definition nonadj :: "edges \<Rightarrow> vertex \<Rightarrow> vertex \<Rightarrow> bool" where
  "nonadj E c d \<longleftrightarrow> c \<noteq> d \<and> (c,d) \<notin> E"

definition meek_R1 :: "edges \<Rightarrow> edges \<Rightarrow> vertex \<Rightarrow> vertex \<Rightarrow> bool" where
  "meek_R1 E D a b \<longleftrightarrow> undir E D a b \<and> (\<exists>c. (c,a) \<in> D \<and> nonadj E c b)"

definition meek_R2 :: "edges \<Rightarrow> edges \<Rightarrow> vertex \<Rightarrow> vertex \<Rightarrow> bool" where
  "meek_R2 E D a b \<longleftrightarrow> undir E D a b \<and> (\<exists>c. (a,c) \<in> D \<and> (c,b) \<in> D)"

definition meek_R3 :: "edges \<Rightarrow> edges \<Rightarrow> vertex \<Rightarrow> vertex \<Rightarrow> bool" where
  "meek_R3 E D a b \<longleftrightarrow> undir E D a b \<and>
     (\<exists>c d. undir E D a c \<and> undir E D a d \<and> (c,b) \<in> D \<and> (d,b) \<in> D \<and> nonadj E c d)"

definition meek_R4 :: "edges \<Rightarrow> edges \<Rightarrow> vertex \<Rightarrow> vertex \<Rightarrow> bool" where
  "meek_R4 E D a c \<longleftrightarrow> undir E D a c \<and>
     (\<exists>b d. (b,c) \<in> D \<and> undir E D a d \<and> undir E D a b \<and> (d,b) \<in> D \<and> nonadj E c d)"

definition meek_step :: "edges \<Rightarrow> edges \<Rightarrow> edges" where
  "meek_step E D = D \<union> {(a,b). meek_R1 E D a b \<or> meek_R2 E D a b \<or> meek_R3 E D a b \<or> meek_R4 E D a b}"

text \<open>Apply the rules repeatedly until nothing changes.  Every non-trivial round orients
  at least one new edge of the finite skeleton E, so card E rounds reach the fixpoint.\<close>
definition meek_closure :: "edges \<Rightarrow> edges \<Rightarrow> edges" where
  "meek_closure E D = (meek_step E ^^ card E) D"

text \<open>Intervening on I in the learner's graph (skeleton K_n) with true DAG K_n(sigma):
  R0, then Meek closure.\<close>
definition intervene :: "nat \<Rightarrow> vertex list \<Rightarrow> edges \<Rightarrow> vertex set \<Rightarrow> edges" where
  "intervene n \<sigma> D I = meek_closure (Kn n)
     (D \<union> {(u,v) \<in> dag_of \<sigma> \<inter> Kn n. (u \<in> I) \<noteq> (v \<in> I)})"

++++

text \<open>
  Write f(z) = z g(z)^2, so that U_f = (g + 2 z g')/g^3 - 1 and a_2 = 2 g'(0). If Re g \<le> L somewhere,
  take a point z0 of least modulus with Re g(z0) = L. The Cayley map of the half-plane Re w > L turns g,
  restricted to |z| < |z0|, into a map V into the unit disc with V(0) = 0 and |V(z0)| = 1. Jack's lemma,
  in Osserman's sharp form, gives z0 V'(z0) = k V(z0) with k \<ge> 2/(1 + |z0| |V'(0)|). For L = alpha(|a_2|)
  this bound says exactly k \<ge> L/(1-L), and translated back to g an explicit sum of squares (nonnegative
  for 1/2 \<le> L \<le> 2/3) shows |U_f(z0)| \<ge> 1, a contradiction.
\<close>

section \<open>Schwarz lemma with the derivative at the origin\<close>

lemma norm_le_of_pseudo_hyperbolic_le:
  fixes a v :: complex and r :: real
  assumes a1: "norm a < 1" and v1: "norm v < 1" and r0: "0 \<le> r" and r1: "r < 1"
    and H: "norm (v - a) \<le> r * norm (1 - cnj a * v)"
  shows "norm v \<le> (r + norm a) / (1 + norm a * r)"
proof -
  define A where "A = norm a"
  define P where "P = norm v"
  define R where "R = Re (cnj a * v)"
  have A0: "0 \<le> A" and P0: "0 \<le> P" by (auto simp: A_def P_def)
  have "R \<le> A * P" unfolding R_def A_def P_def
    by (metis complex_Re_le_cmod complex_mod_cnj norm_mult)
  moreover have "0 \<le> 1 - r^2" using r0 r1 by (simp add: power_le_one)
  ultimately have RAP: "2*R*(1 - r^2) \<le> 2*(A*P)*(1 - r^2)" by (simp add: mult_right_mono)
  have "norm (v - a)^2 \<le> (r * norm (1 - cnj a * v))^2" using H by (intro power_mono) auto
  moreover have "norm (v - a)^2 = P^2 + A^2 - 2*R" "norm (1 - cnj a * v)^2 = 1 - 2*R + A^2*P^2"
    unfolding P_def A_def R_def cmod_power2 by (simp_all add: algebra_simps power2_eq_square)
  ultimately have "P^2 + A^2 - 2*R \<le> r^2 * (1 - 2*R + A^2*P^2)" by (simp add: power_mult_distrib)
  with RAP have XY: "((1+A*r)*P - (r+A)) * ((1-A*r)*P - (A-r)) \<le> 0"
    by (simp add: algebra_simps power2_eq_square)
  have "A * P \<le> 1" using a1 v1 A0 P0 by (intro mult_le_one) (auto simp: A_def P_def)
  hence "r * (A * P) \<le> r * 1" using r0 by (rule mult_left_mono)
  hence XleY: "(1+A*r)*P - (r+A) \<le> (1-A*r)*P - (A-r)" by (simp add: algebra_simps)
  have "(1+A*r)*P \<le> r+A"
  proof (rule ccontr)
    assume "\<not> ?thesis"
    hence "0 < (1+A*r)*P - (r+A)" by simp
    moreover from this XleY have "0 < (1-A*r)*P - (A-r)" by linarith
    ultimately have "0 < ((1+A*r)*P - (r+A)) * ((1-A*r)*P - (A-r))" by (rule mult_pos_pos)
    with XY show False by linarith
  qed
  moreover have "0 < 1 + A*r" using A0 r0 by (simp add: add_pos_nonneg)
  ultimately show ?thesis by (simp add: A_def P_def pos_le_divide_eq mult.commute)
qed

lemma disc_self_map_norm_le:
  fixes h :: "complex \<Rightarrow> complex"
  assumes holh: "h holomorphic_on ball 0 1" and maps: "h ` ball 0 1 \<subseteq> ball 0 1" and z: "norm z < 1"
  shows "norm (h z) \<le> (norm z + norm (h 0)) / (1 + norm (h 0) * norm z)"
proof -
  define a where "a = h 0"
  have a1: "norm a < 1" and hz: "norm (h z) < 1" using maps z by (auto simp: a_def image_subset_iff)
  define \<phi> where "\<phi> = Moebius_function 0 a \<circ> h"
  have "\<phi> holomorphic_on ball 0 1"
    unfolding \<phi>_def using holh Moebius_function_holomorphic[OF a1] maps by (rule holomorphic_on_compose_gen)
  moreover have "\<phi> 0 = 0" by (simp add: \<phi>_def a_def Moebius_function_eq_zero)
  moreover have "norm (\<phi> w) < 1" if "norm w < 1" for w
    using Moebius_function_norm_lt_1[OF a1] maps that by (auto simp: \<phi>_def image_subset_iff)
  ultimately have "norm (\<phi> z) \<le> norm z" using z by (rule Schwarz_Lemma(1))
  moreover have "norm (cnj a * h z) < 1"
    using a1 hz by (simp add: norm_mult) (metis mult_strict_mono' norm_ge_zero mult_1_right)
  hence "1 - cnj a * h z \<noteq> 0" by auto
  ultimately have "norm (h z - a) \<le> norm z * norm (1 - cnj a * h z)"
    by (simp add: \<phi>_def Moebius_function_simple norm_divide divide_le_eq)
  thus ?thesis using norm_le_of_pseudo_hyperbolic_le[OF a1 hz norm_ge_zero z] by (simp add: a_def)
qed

++++

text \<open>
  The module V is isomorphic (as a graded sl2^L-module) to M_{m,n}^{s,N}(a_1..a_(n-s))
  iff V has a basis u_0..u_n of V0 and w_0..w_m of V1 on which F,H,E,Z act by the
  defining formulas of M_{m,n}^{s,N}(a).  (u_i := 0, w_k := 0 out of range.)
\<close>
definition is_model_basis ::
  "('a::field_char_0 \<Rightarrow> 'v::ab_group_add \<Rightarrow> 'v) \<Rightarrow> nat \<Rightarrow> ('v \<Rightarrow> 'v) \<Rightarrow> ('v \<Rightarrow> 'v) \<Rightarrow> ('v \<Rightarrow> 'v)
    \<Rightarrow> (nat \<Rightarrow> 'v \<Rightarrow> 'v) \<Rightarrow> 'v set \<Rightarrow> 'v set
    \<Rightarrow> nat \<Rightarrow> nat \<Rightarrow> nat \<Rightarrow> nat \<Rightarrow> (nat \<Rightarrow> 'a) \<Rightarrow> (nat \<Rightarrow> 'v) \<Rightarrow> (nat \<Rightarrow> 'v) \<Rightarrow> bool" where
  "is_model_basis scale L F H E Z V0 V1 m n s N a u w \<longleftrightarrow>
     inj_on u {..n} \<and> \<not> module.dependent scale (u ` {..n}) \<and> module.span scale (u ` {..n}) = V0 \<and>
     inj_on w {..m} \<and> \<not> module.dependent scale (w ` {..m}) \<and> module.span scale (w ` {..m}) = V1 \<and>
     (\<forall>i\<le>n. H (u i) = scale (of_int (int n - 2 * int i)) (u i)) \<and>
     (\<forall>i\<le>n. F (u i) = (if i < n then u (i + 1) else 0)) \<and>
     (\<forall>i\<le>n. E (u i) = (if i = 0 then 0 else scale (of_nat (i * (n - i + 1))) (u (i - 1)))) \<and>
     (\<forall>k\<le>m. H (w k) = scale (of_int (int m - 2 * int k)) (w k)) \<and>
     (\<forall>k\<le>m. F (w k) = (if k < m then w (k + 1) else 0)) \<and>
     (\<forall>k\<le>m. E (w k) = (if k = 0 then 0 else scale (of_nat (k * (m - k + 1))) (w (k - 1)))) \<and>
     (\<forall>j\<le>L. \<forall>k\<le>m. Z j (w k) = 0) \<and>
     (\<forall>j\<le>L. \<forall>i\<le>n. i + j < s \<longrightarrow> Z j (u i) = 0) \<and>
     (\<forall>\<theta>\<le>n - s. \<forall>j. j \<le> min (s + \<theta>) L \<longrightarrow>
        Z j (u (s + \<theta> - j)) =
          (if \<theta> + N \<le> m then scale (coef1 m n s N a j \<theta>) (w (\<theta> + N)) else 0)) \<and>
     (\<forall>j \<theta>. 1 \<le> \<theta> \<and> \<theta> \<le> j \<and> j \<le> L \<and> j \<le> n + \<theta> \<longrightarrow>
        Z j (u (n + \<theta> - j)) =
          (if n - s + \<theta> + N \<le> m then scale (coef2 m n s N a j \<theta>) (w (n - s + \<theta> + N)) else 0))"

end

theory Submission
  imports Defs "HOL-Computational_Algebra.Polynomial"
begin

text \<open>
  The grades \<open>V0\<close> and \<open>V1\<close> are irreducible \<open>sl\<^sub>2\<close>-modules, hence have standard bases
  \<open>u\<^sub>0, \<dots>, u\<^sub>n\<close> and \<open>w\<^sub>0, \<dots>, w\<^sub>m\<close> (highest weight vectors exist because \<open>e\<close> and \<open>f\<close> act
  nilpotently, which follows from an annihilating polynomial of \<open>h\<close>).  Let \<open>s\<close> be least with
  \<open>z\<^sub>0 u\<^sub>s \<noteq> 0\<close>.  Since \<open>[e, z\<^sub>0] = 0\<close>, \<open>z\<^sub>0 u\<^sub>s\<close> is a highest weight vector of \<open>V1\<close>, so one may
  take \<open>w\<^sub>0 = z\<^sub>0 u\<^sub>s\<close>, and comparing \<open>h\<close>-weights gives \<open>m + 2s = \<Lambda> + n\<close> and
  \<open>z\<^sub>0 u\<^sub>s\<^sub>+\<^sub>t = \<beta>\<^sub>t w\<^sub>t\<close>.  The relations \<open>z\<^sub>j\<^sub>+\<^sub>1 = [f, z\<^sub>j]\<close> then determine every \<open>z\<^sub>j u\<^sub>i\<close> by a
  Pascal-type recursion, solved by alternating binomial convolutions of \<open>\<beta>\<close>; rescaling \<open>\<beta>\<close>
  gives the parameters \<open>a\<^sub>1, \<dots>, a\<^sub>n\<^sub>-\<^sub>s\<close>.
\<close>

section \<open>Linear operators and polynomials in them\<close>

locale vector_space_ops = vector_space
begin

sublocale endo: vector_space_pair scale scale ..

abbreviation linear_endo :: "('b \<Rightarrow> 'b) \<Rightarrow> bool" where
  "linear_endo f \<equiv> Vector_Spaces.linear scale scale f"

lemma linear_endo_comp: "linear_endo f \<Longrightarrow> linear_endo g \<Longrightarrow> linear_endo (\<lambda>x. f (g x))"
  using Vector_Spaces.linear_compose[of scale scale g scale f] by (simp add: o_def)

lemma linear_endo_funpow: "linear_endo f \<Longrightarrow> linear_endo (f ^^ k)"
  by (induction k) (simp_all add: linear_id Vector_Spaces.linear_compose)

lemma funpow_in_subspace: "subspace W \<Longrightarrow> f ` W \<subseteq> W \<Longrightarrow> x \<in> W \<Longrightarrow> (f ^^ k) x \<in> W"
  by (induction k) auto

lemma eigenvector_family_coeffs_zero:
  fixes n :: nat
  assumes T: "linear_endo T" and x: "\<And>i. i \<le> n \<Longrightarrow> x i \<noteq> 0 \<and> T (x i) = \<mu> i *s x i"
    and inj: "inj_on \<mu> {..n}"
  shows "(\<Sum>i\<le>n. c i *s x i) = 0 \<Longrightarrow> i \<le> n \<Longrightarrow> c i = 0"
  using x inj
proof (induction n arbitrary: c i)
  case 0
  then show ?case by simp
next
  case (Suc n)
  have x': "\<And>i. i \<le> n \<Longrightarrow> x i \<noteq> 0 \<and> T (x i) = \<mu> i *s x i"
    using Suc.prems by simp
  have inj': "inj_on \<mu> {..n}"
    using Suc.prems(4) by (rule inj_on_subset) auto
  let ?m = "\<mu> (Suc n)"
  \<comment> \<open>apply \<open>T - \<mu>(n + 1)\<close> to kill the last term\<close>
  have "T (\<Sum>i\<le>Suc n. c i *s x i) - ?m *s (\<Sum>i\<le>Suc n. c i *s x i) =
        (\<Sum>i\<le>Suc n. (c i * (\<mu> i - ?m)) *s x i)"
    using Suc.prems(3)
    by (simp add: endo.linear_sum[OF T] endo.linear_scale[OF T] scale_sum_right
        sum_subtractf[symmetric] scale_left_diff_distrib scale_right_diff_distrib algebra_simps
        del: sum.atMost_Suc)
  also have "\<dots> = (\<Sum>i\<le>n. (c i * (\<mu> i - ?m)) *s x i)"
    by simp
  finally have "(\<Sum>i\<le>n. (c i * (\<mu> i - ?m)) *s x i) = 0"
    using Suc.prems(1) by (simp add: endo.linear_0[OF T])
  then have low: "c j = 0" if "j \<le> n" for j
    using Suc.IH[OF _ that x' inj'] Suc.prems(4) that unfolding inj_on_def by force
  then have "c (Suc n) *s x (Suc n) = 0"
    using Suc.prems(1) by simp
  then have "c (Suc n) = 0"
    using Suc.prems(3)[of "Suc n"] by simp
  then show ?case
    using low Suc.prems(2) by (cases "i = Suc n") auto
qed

++++

Set down, exactly as they stand above, the lines starting with the line with "W \<Longrightarrow> f" and going on through the line with "using Suc.prems(1) by simp", and no others.

lemma funpow_in_subspace: "subspace W \<Longrightarrow> f ` W \<subseteq> W \<Longrightarrow> x \<in> W \<Longrightarrow> (f ^^ k) x \<in> W"
  by (induction k) auto

lemma eigenvector_family_coeffs_zero:
  fixes n :: nat
  assumes T: "linear_endo T" and x: "\<And>i. i \<le> n \<Longrightarrow> x i \<noteq> 0 \<and> T (x i) = \<mu> i *s x i"
    and inj: "inj_on \<mu> {..n}"
  shows "(\<Sum>i\<le>n. c i *s x i) = 0 \<Longrightarrow> i \<le> n \<Longrightarrow> c i = 0"
  using x inj
proof (induction n arbitrary: c i)
  case 0
  then show ?case by simp
next
  case (Suc n)
  have x': "\<And>i. i \<le> n \<Longrightarrow> x i \<noteq> 0 \<and> T (x i) = \<mu> i *s x i"
    using Suc.prems by simp
  have inj': "inj_on \<mu> {..n}"
    using Suc.prems(4) by (rule inj_on_subset) auto
  let ?m = "\<mu> (Suc n)"
  \<comment> \<open>apply \<open>T - \<mu>(n + 1)\<close> to kill the last term\<close>
  have "T (\<Sum>i\<le>Suc n. c i *s x i) - ?m *s (\<Sum>i\<le>Suc n. c i *s x i) =
        (\<Sum>i\<le>Suc n. (c i * (\<mu> i - ?m)) *s x i)"
    using Suc.prems(3)
    by (simp add: endo.linear_sum[OF T] endo.linear_scale[OF T] scale_sum_right
        sum_subtractf[symmetric] scale_left_diff_distrib scale_right_diff_distrib algebra_simps
        del: sum.atMost_Suc)
  also have "\<dots> = (\<Sum>i\<le>n. (c i * (\<mu> i - ?m)) *s x i)"
    by simp
  finally have "(\<Sum>i\<le>n. (c i * (\<mu> i - ?m)) *s x i) = 0"
    using Suc.prems(1) by (simp add: endo.linear_0[OF T])
  then have low: "c j = 0" if "j \<le> n" for j
    using Suc.IH[OF _ that x' inj'] Suc.prems(4) that unfolding inj_on_def by force
  then have "c (Suc n) *s x (Suc n) = 0"
    using Suc.prems(1) by simp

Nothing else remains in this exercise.